(Records from a dataset)
lemma S_eps_nonempty: "S \<noteq> {}"
  using unit_functional_in_S_eps by blast

lemma eps_norm_upper: "\<phi> \<in> S \<Longrightarrow> cmod (\<phi> v) \<le> N v"
  unfolding eps_norm_def by (rule cSup_upper) (auto intro: bdd_aboveI2 S_eps_bound)

lemma eps_norm_least: "(\<And>\<phi>. \<phi> \<in> S \<Longrightarrow> cmod (\<phi> v) \<le> M) \<Longrightarrow> N v \<le> M"
  unfolding eps_norm_def using S_eps_nonempty by (intro cSup_least) auto

lemma eps_norm_nonneg: "0 \<le> N v"
  using S_eps_nonempty eps_norm_upper norm_ge_zero order_trans by blast

lemma eps_norm_le: "N v \<le> \<epsilon> * norm v"
  by (intro eps_norm_least S_eps_bound)

lemma eps_norm_triangle: "N (v + w) \<le> N v + N w"
proof (rule eps_norm_least)
  fix \<phi> assume "\<phi> \<in> S"
  have "cmod (\<phi> (v + w)) \<le> cmod (\<phi> v) + cmod (\<phi> w)"
    using S_eps_bounded_linear[OF \<open>\<phi> \<in> S\<close>] by (simp add: linear_simps norm_triangle_ineq)
  also have "\<dots> \<le> N v + N w"
    using \<open>\<phi> \<in> S\<close> by (intro add_mono eps_norm_upper)
  finally show "cmod (\<phi> (v + w)) \<le> N v + N w" .
qed

lemma eps_norm_sm_le: "N (sm a v) \<le> cmod a * N v"
  by (rule eps_norm_least) (simp add: S_eps_hom norm_mult mult_left_mono eps_norm_upper)

lemma eps_norm_sm: "N (sm a v) = cmod a * N v"
proof (cases "a = 0")
  case True
  then have "sm a v = 0" using sm_of_real[of 0 v] by simp
  then show ?thesis using True eps_norm_le[of 0] eps_norm_nonneg[of 0] by simp
next
  case False
  have "N v = N (sm (inverse a) (sm a v))" using False by (simp flip: sm_mult)
  also have "\<dots> \<le> cmod (inverse a) * N (sm a v)" by (rule eps_norm_sm_le)
  finally have "N v \<le> N (sm a v) / cmod a" by (simp add: norm_inverse divide_inverse mult.commute)
  then have "cmod a * N v \<le> N (sm a v)" using False by (simp add: pos_le_divide_eq mult.commute)
  with eps_norm_sm_le show ?thesis by (rule antisym)
qed

lemma herm_functional_le_eps_norm:
  assumes h: "h \<in> herm_functionals sm st" and h_le: "\<And>x. cmod (h x) \<le> norm x"
    and t: "0 < t" "1 / norm e + 2 * t \<le> \<epsilon>"
  shows "t * cmod (h v) \<le> (2 + t * norm e) * N v"
proof -
  obtain h0 where h0: "h0 \<in> S" "\<And>x. cmod (h0 x) \<le> norm x / norm e"
    using unit_functional_in_S_eps by blast
  have h0e: "h0 \<in> herm_e_functionals sm st e" using h0(1) S_eps_subset by blast
  define r where "r = Re (h e)"
  have h_e: "h e = of_real r"
    unfolding r_def by (rule herm_functional_real_at_hermitian[OF h st_e])
  have "\<bar>t * r\<bar> \<le> t * norm e"
    using h_le[of e] h_e t(1) by (simp add: abs_mult)
  then have r_bound: "\<bar>1 - t * r\<bar> \<le> 1 + t * norm e" by linarith
  define g where "g x = of_real (1 - t * r) * h0 x + of_real t * h x" for x
  have g_norm: "cmod (g x) \<le> \<bar>1 - t * r\<bar> * cmod (h0 x) + t * cmod (h x)" for x
  proof -
    have "cmod (g x) \<le> cmod (of_real (1 - t * r) * h0 x) + cmod (of_real t * h x)"
      unfolding g_def by (rule norm_triangle_ineq)
    then show ?thesis using t(1) by (simp only: norm_mult norm_of_real abs_of_pos)
  qed
  have "g \<in> S"
  proof (rule S_epsI)
    have "g \<in> herm_functionals sm st"
      unfolding g_def[abs_def] using h0e h
      by (intro herm_functionals_add herm_functionals_scaleR) (auto simp: herm_e_functionals_def)
    moreover have "g e = 1"
      using h0e h_e unfolding g_def herm_e_functionals_def by simp
    ultimately show "g \<in> herm_e_functionals sm st e"
      unfolding herm_e_functionals_def by blast
  next
    fix x
    have "cmod (g x) \<le> (1 + t * norm e) * (norm x / norm e) + t * norm x"
      using g_norm[of x] r_bound h0(2)[of x] h_le[of x] t(1)
      by (smt (verit) mult_mono mult_left_mono norm_ge_zero divide_nonneg_nonneg)
    also have "\<dots> = (1 / norm e + 2 * t) * norm x"
      using e_nonzero by (simp add: field_simps)
    also have "\<dots> \<le> \<epsilon> * norm x"
      using t(2) by (intro mult_right_mono) auto
    finally show "cmod (g x) \<le> \<epsilon> * norm x" .
  qed
  have "of_real t * h v = g v - of_real (1 - t * r) * h0 v"
    unfolding g_def by simp
  then have "t * cmod (h v) = cmod (g v - of_real (1 - t * r) * h0 v)"
    using t(1) by (metis abs_of_pos norm_mult norm_of_real)
  also have "\<dots> \<le> cmod (g v) + \<bar>1 - t * r\<bar> * cmod (h0 v)"
    using norm_triangle_ineq4[of "g v" "of_real (1 - t * r) * h0 v"]
    by (simp only: norm_mult norm_of_real)
  also have "\<dots> \<le> N v + (1 + t * norm e) * N v"
    using eps_norm_upper[OF \<open>g \<in> S\<close>] eps_norm_upper[OF h0(1)] r_bound eps_norm_nonneg
    by (intro add_mono mult_mono) auto
  finally show ?thesis by (simp add: algebra_simps)
qed

lemma eps_norm_bounded_below:
  obtains c where "0 < c" "\<And>v. c * norm v \<le> N v"
proof -
  define t where "t = (\<epsilon> - 1 / norm e) / 2"
  have t: "0 < t" "1 / norm e + 2 * t \<le> \<epsilon>"
    using eps_gt e_nonzero unfolding t_def by (auto simp: field_simps)
  have "t * norm v \<le> 2 * ((2 + t * norm e) * N v)" for v
  proof -
    obtain h k where "h \<in> herm_functionals sm st" "k \<in> herm_functionals sm st"
      and "\<And>x. cmod (h x) \<le> norm x" "\<And>x. cmod (k x) \<le> norm x"
      and v: "norm v \<le> cmod (h v) + cmod (k v)"
      using norm_le_herm_functionals by blast
    then have "t * cmod (h v) \<le> (2 + t * norm e) * N v" "t * cmod (k v) \<le> (2 + t * norm e) * N v"
      using herm_functional_le_eps_norm t by blast+
    moreover have "t * norm v \<le> t * cmod (h v) + t * cmod (k v)"
      using v t(1) by (simp add: distrib_left[symmetric])
    ultimately show ?thesis by linarith
  qed
  moreover have "0 < 2 * (2 + t * norm e)" using t(1) by (intro mult_pos_pos add_pos_nonneg) auto
  ultimately show ?thesis
    using that[of "t / (2 * (2 + t * norm e))"] t(1) by (simp add: field_simps)
qed

lemma eps_norm_eq_0_iff: "N v = 0 \<longleftrightarrow> v = 0"
proof
  obtain c where "0 < c" "\<And>v. c * norm v \<le> N v" using eps_norm_bounded_below by blast
  show "v = 0" if "N v = 0"
    using \<open>0 < c\<close> \<open>c * norm v \<le> N v\<close> that by (simp add: mult_le_0_iff)
  show "N v = 0" if "v = 0"
    using that eps_norm_le[of 0] eps_norm_nonneg[of 0] by simp
qed

end

theorem corollary4p4:
  fixes sm :: "complex \<Rightarrow> 'a::real_normed_vector \<Rightarrow> 'a"
    and st :: "'a \<Rightarrow> 'a" and e :: 'a and \<epsilon> :: real
  assumes "unital_star_normed_space sm st e"
    and "\<epsilon> > 1 / norm e"
  shows "(\<forall>v. eps_norm sm st e \<epsilon> v = 0 \<longleftrightarrow> v = 0)
    \<and> (\<forall>v w. eps_norm sm st e \<epsilon> (v + w) \<le> eps_norm sm st e \<epsilon> v + eps_norm sm st e \<epsilon> w)
    \<and> (\<forall>a v. eps_norm sm st e \<epsilon> (sm a v) = cmod a * eps_norm sm st e \<epsilon> v)
    \<and> (\<exists>c C. 0 < c \<and> 0 < C \<and>
         (\<forall>v. c * norm v \<le> eps_norm sm st e \<epsilon> v \<and> eps_norm sm st e \<epsilon> v \<le> C * norm v))"
proof -
  interpret eps_norm_setting sm st e \<epsilon>
    using assms unfolding unital_star_normed_space_def
    by unfold_locales auto
  obtain c where "0 < c" "\<And>v. c * norm v \<le> eps_norm sm st e \<epsilon> v"
    using eps_norm_bounded_below by blast
  then show ?thesis
    using eps_norm_eq_0_iff eps_norm_triangle eps_norm_sm eps_norm_le eps_pos by blast
qed

end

▶ WHAT TO PRODUCE:
Look back at the data above. Transcribe exactly the lines starting at the line that contains "w)) \<le> N v" and ending at the line that contains "0 v] by simp".

▶ SOLUTION:
  finally show "cmod (\<phi> (v + w)) \<le> N v + N w" .
qed

lemma eps_norm_sm_le: "N (sm a v) \<le> cmod a * N v"
  by (rule eps_norm_least) (simp add: S_eps_hom norm_mult mult_left_mono eps_norm_upper)

lemma eps_norm_sm: "N (sm a v) = cmod a * N v"
proof (cases "a = 0")
  case True
  then have "sm a v = 0" using sm_of_real[of 0 v] by simp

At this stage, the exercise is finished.